• Work instructions:
Your answer is one number, how many lines in the entries include "longleftrightarrow".

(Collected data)
□ □ □

(* Let $X$ be a random variable taking values in $\mathbb{R}^n$ with a density $f$ with respect to Lebesgue measure, let $\varphi:\mathbb{R}^n\to\mathbb{R}$ be measurable, and let $a,b>0$. Assume $\mathbb{E}\, e^{\alpha\varphi(X)}<\infty$ for all $\alpha\in(-a,b)$, and let $c:(-a,b)\to\mathbb{R}$ be a smooth function such that $\alpha\mapsto e^{-c(\alpha)}\,\mathbb{E}\, e^{\alpha\varphi(X)}$ is log-concave on $(-a,b)$. Set $\psi_c(\alpha)=c(\alpha)-c(0)-c'(0)\alpha$, let $\psi_{c,+}$ be the restriction of $\psi_c$ to $(0,b)$ and $\psi_{c,-}$ its restriction to $(-a,0)$. Then for every $t>0$, $$\mathbb{P}(\varphi(X)-\mathbb{E}\varphi(X)>t)\le e^{-\psi_{c,+}^*(t)},\qquad \mathbb{P}(\varphi(X)-\mathbb{E}\varphi(X)<-t)\le e^{-\psi_{c,-}^*(-t)},$$ where $\psi_{c,\pm}^*$ denote the Fenchel–Legendre duals.
   Context: For a function $g$ defined on a subset $D\subseteq\mathbb{R}$ (extended by $+\infty$ outside $D$), its Fenchel–Legendre dual is $g^*(x)=\sup_{y\in D}(xy-g(y))$. A function $g:I\to(0,\infty)$ is log-concave if $\log g$ is concave. *)

theory Defs
  imports "HOL-Probability.Probability"
begin

definition smooth_on_real :: "real set \<Rightarrow> (real \<Rightarrow> real) \<Rightarrow> bool" where
  "smooth_on_real S g \<longleftrightarrow>
     (\<exists>D :: nat \<Rightarrow> real \<Rightarrow> real. (\<forall>x\<in>S. D 0 x = g x) \<and>
        (\<forall>k. \<forall>x\<in>S. (D k has_real_derivative D (Suc k) x) (at x)))"

definition log_concave_on :: "real set \<Rightarrow> (real \<Rightarrow> real) \<Rightarrow> bool" where
  "log_concave_on I g \<longleftrightarrow> (\<forall>x\<in>I. g x > 0) \<and> concave_on I (\<lambda>x. ln (g x))"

□ □ □

• Result:
2